A hybrid retrieval system for news articles that combines dense vector search and BM25 keyword matching, with a BERT-based toxicity gate on incoming queries.
Built as a self-contained ML engineering project to demonstrate systematic retrieval experimentation, modular Python packaging, and production-ready API design.
Raw corpus (CSV)
│
▼
┌──────────────────────┐ SentenceSplitter (256 tok) ┌────────────────┐
│ src/data │ ────────────────────────────► │ src/indexing │
│ minimal_clean_text │ │ ChromaDB │
└─────────────┘ │ bge-large-v1.5│
└───────┬────────┘
│
┌───────────────────────────────────┤
│ │
┌────────▼────────┐ ┌────────▼────────┐
│ Vector Search │ │ BM25 Retriever │
│ bge-large-v1.5 │ │ word tokeniser │
└────────┬────────┘ └────────┬────────┘
│ │
└──────────────┬────────────────────┘
│ Reciprocal Rank Fusion
▼
Ranked document UUIDs
│
┌────────▼────────┐
│ src/query_filter │
│ BERT toxicity │
└────────┬────────┘
│
┌────────▼────────┐
│ src/api │
│ FastAPI │
└─────────────────┘
Five retrieval strategies evaluated on 500 queries (seed 42) from a labelled set of 2 330.
Full methodology and findings: results/retrieval_experiments.md
| Experiment | F1 | Recall | Precision |
|---|---|---|---|
| Baseline — bge-small, top_k=2 | 0.323 | 0.271 | 0.440 |
| BM25 word-tokenised, top_k=5 | 0.396 | 0.460 | 0.373 |
| bge-base vector, top_k=5 | 0.349 | 0.396 | 0.337 |
| bge-base + BM25 hybrid (RRF) | 0.403 | 0.440 | 0.401 |
| bge-large + BM25 hybrid (RRF) | 0.405 | 0.441 | 0.408 |
+25.5% F1 improvement over baseline. Key insight: on this entity-heavy news corpus, BM25 dominates standalone vector search; a fair RRF hybrid closes the precision gap.
# Install dependencies (uv recommended)
uv sync
# Or with pip
pip install -e .Requirements: Python 3.11–3.12, ~5 GB disk (models + vector DB).
prepare-dataProduces dataset/corpus_minimal_clean.csv (whitespace-normalised, casing preserved).

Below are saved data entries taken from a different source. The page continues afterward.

subsection \<open>Trapped queries\<close>

text \<open>At most 3/4 of the queries are bad since A is successful, and by the Chernoff bound each
  answer correlates with at most a 2 exp(-s/4) fraction of them.\<close>
lemma card_trapped_queries_le:
  assumes d: "d > 0" and prot: "is_protocol d k n msg resp out"
    and Asuc: "A \<in> A_suc d s xi' msg resp out"
    and s: "s \<ge> 500" and c1: "0 < c1" "c1 \<le> 1/8" and \<alpha>: "\<alpha> \<le> sqrt (s / d) / 4"
    and I: "finite I" "real (card I) \<le> exp (c1 * s)" and w: "w \<in> PiE I (\<lambda>_. scaled_hcube d)"
  shows "real (card {v\<in>scaled_hcube d. \<not> succeeds d s xi' msg resp out A v \<or>
            (\<exists>i\<in>I. sqrt (s / d) - \<alpha> \<le> \<bar>inner_d d v (answer msg resp out A (w i))\<bar>)})
         \<le> 7/8 * real (card (scaled_hcube d))"
proof -
  let ?H = "scaled_hcube d" and ?u = "sqrt (s / d) - \<alpha>"
  let ?Bad = "{v\<in>?H. \<not> succeeds d s xi' msg resp out A v}"
  let ?Tail = "\<lambda>i. {v\<in>?H. ?u \<le> \<bar>inner_d d v (answer msg resp out A (w i))\<bar>}"
  have A: "A \<in> sign_mats (d div 2) d" using Asuc unfolding A_suc_def by simp
  have "real (card ?Bad) \<le> 3/4 * real (card ?H)"
    using Asuc card_filter_add_card_filter_not[OF finite_scaled_hcube[of d],
        where P="succeeds d s xi' msg resp out A"]
    unfolding A_suc_def by simp
  have u: "0 \<le> ?u" "- (real d * ?u^2 / 2) \<le> - s / 4"
  proof -
    have u34: "?u \<ge> 3/4 * sqrt (s / d)" using \<alpha> by simp
    moreover have "sqrt (s / d) \<ge> 0" using s by simp
    ultimately show "0 \<le> ?u" by linarith
    have "9/16 * (s / d) = (3/4 * sqrt (s / d))^2"
      using s by (simp add: power_mult_distrib power2_eq_square)
    also have "\<dots> \<le> ?u^2" using u34 s by (intro power_mono) auto
    finally show "- (real d * ?u^2 / 2) \<le> - s / 4"
      using d mult_left_mono[of "9/16 * (s / d)" "?u^2" "real d"] s by simp
  qed
  have tail: "real (card (?Tail i)) \<le> 2 * exp (- s / 4) * real (card ?H)" if "i \<in> I" for i
  proof -
    have "answer msg resp out A (w i) \<in> unit_sphere_d d"
      using protocol_answer_unit[OF prot A] w that by auto
    then have "real (card (?Tail i)) \<le> 2 * exp (- (real d * ?u^2 / 2)) * real (card ?H)"
      using card_scaled_hcube_abs_inner_ge_le[OF d _ u(1)] unfolding unit_sphere_d_def by simp
    also have "\<dots> \<le> 2 * exp (- s / 4) * real (card ?H)"
      using u(2) by (intro mult_left_mono mult_right_mono) auto
    finally show ?thesis .
  qed
  have "real (card I) * (2 * exp (- s / 4)) \<le> exp (c1 * s) * (2 * exp (- s / 4))"
    using I(2) by (intro mult_right_mono) auto
  also have "\<dots> = 2 * exp (c1 * s - s / 4)" using exp_add[of "c1 * s" "- s / 4"] by simp
  also have "\<dots> \<le> 2 * exp (- s / 8)"
  proof -
    have "c1 * s \<le> 1/8 * s" using c1 s by (intro mult_right_mono) auto
    then show ?thesis by simp
  qed
  also have "\<dots> \<le> 1/8"
    using exp_ge_add_one_self[of "s/8"] s by (simp add: exp_minus field_simps)
  finally have small: "real (card I) * (2 * exp (- s / 4)) \<le> 1/8" .
  have "card {v\<in>?H. \<not> succeeds d s xi' msg resp out A v \<or> (\<exists>i\<in>I. ?u \<le> \<bar>inner_d d v (answer msg resp out A (w i))\<bar>)}
      \<le> card (?Bad \<union> (\<Union>i\<in>I. ?Tail i))"
    using I(1) by (intro card_mono) (auto simp: finite_scaled_hcube)
  also have "\<dots> \<le> card ?Bad + (\<Sum>i\<in>I. card (?Tail i))"
    by (rule order_trans[OF card_Un_le add_left_mono[OF card_UN_le[OF I(1)]]])
  finally have "real (card {v\<in>?H. \<not> succeeds d s xi' msg resp out A v \<or> (\<exists>i\<in>I. ?u \<le> \<bar>inner_d d v (answer msg resp out A (w i))\<bar>)})
      \<le> real (card ?Bad) + (\<Sum>i\<in>I. real (card (?Tail i)))"
    by (simp flip: of_nat_sum of_nat_add)
  also have "\<dots> \<le> 3/4 * real (card ?H) + real (card I) * (2 * exp (- s / 4)) * real (card ?H)"
  proof (rule add_mono)
    have "(\<Sum>i\<in>I. real (card (?Tail i))) \<le> (\<Sum>i\<in>I. 2 * exp (- s / 4) * real (card ?H))"
      using tail by (rule sum_mono)
    then show "(\<Sum>i\<in>I. real (card (?Tail i))) \<le> real (card I) * (2 * exp (- s / 4)) * real (card ?H)"
      by simp
  qed fact
  also have "\<dots> \<le> 7/8 * real (card ?H)"
    using small mult_right_mono[OF small, of "real (card ?H)"] by simp
  finally show ?thesis .
qed

text \<open>The index set I of the counting argument comes from a net of the good answers.\<close>
lemma trapped_of_small_packing:
  fixes N :: nat
  assumes d: "d > 0" and prot: "is_protocol d k n msg resp out" and A: "A \<in> sign_mats (d div 2) d"
    and \<alpha>: "\<alpha> > 0" and Vt: "Vt \<in> PiE {..<N} (\<lambda>_. scaled_hcube d)"
    and small: "real (packing_card d (orth_entries d n (d div 2) xi' out (msg A) A (Vt ` {..<N})) \<alpha>) < K"
  obtains I where "I \<subseteq> {..<N}" "real (card I) < K"
    "\<forall>j\<in>{..<N} - I. \<not> succeeds d s xi' msg resp out A (Vt j) \<or>
       (\<exists>i\<in>I. sqrt (s / d) - \<alpha> \<le> \<bar>inner_d d (Vt j) (answer msg resp out A (Vt i))\<bar>)"
proof -
  let ?J = "{j\<in>{..<N}. succeeds d s xi' msg resp out A (Vt j)}"
  let ?y = "\<lambda>j. answer msg resp out A (Vt j)"
  let ?X = "orth_entries d n (d div 2) xi' out (msg A) A (Vt ` {..<N})"
  have VtH: "Vt ` {..<N} \<subseteq> scaled_hcube d" using Vt by auto
  have "?y j \<in> ?X" if "j \<in> ?J" for j
    using that by (intro answer_in_orth_entries[OF prot A _ VtH]) auto
  then have yX: "?y ` ?J \<subseteq> ?X" by blast
  have finX: "finite ?X" by (intro finite_orth_entries finite_imageI) simp
  have finJ: "finite ?J" by simp
  obtain I where I: "I \<subseteq> ?J" "card I \<le> packing_card d ?X \<alpha>"
      and net: "\<forall>j\<in>?J. \<exists>i\<in>I. dist_d d (?y j) (?y i) < \<alpha>"
    using indexed_net_exists[OF finJ \<alpha> finX yX] by blast
  have "\<exists>i\<in>I. sqrt (s / d) - \<alpha> \<le> \<bar>inner_d d (Vt j) (?y i)\<bar>" if j: "j \<in> ?J" for j
  proof -
    obtain i where "i \<in> I" "dist_d d (?y j) (?y i) < \<alpha>" using net j by blast
    moreover have "\<bar>inner_d d (Vt j) (?y j)\<bar> \<ge> sqrt (s / d)" using j succeeds_iff by blast
    moreover have "\<bar>inner_d d (Vt j) (?y j) - inner_d d (Vt j) (?y i)\<bar> \<le> dist_d d (?y j) (?y i)"
      using j Vt d by (intro abs_inner_d_diff_le_dist_d) auto
    ultimately show ?thesis by force
  qed
  then show ?thesis using that[of I] I small by fastforce
qed

lemma packing_card_orth_entries_whp:
  fixes d n k N :: nat and s c1 K xi' :: real
  assumes d: "d > 0" and prot: "is_protocol d k n msg resp out"
    and Asuc: "A \<in> A_suc d s xi' msg resp out"
    and s: "s \<ge> 500" and c1: "0 < c1" "c1 \<le> 1/8" and K: "K = exp (c1 * s)"
    and N: "N = nat \<lceil>16 * s * K\<rceil>"
    and \<alpha>: "real d powr (-8) \<le> sqrt (s / real d) / 4"
  shows "real (card {Vt \<in> PiE {..<N} (\<lambda>_. scaled_hcube d).
            real (packing_card d (orth_entries d n (d div 2) xi' out (msg A) A (Vt ` {..<N}))
              (real d powr (-8))) \<ge> K})
         \<ge> (1 - exp (- s / 2)) * real (card (PiE {..<N} (\<lambda>_. scaled_hcube d)))"
proof -
  let ?H = "scaled_hcube d" and ?\<alpha> = "real d powr (-8)"
  let ?\<Omega> = "PiE {..<N} (\<lambda>_. ?H)"
  let ?packs = "\<lambda>Vt. K \<le> real (packing_card d (orth_entries d n (d div 2) xi' out (msg A) A (Vt ` {..<N})) ?\<alpha>)"
  define S :: "nat set \<Rightarrow> (nat \<Rightarrow> nat \<Rightarrow> real) \<Rightarrow> (nat \<Rightarrow> real) set"
    where "S I w = {v\<in>?H. \<not> succeeds d s xi' msg resp out A v \<or>
      (\<exists>i\<in>I. sqrt (s / d) - ?\<alpha> \<le> \<bar>inner_d d v (answer msg resp out A (w i))\<bar>)}" for I w
  define Fam where "Fam = {I. I \<subseteq> {..<N} \<and> real (card I) < K}"
  let ?Trapped = "{Vt\<in>?\<Omega>. \<exists>I\<in>Fam. \<forall>j\<in>{..<N}-I. Vt j \<in> S I (restrict Vt I)}"
  have A: "A \<in> sign_mats (d div 2) d" using Asuc unfolding A_suc_def by simp
  have \<alpha>_pos: "?\<alpha> > 0" using d by simp
  have "{Vt\<in>?\<Omega>. \<not> ?packs Vt} \<subseteq> ?Trapped"
  proof clarify
    fix Vt assume Vt: "Vt \<in> ?\<Omega>" and "\<not> ?packs Vt"
    then have small: "real (packing_card d (orth_entries d n (d div 2) xi' out (msg A) A (Vt ` {..<N})) ?\<alpha>) < K"
      by simp
    obtain I where I: "I \<subseteq> {..<N}" "real (card I) < K" and
      trapped: "\<forall>j\<in>{..<N} - I. \<not> succeeds d s xi' msg resp out A (Vt j) \<or>
         (\<exists>i\<in>I. sqrt (s / d) - ?\<alpha> \<le> \<bar>inner_d d (Vt j) (answer msg resp out A (Vt i))\<bar>)"
      by (rule trapped_of_small_packing[OF d prot A \<alpha>_pos Vt small])
    have "\<forall>j\<in>{..<N}-I. Vt j \<in> S I (restrict Vt I)"
      using trapped Vt unfolding S_def by auto
    then show "\<exists>I\<in>Fam. \<forall>j\<in>{..<N}-I. Vt j \<in> S I (restrict Vt I)" using I unfolding Fam_def by blast
  qed
  moreover have "real (card ?Trapped) \<le> real (card ?H)^N * exp (- s / 2)"
  proof -
    define M where "M = nat \<lfloor>K\<rfloor>"
    have K1: "K \<ge> 1" using K c1 s by simp
    have "real N \<ge> 16 * s * K" using N K1 s by simp
    moreover have "16 * s * K \<ge> K" using K1 s by simp
    ultimately have MN: "M \<le> N" and N1: "N \<ge> 1" unfolding M_def using K1 by linarith+
    have "real (card ?Trapped) \<le> real (card ?H)^N * (\<Sum>I\<in>Fam. (7/8)^(N - card I))"
    proof (rule card_PiE_trapped_le[OF finite_scaled_hcube])
      fix I w assume I: "I \<in> Fam" and w: "w \<in> PiE I (\<lambda>_. ?H)"
      have "finite I" "real (card I) \<le> exp (c1 * s)"
        using I K unfolding Fam_def by (auto intro: finite_subset)
      then show "S I w \<subseteq> ?H \<and> real (card (S I w)) \<le> 7/8 * real (card ?H)"
        unfolding S_def using card_trapped_queries_le[OF d prot Asuc s c1 \<alpha> _ _ w] by auto
    qed (auto simp: Fam_def)
    also have "(\<Sum>I\<in>Fam. (7/8::real)^(N - card I)) \<le> real (M+1) * real N^M * (7/8)^(N-M)"
      unfolding Fam_def by (rule sum_pow_small_subsets_le[OF M_def N1 _ _ MN]) auto
    also have "\<dots> \<le> exp (- s / 2)" by (rule net_count_le_exp[OF s c1 K N M_def])
    finally show ?thesis by (simp add: mult_left_mono)
  qed
  ultimately have "real (card {Vt\<in>?\<Omega>. \<not> ?packs Vt}) \<le> exp (- s / 2) * real (card ?\<Omega>)"
    using card_mono[of ?Trapped "{Vt\<in>?\<Omega>. \<not> ?packs Vt}"]
    by (simp add: finite_PiE finite_scaled_hcube card_PiE mult.commute)
  then show ?thesis
    using card_filter_add_card_filter_not[of ?\<Omega> ?packs] finite_PiE[of "{..<N}" "\<lambda>_. ?H"]
    by (simp add: finite_scaled_hcube algebra_simps)
qed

run-experimentsBuilds ChromaDB indices for each embedding model (cached on re-runs) and prints the
full results table. See results/retrieval_experiments.md
for the pre-computed results.
# Install dev extras first (pytest + httpx)
uv sync --extra dev
pytest tests/All tests run without a pre-built index or GPU — heavy dependencies (ChromaDB, BERT, embedding models) are mocked at the test boundary.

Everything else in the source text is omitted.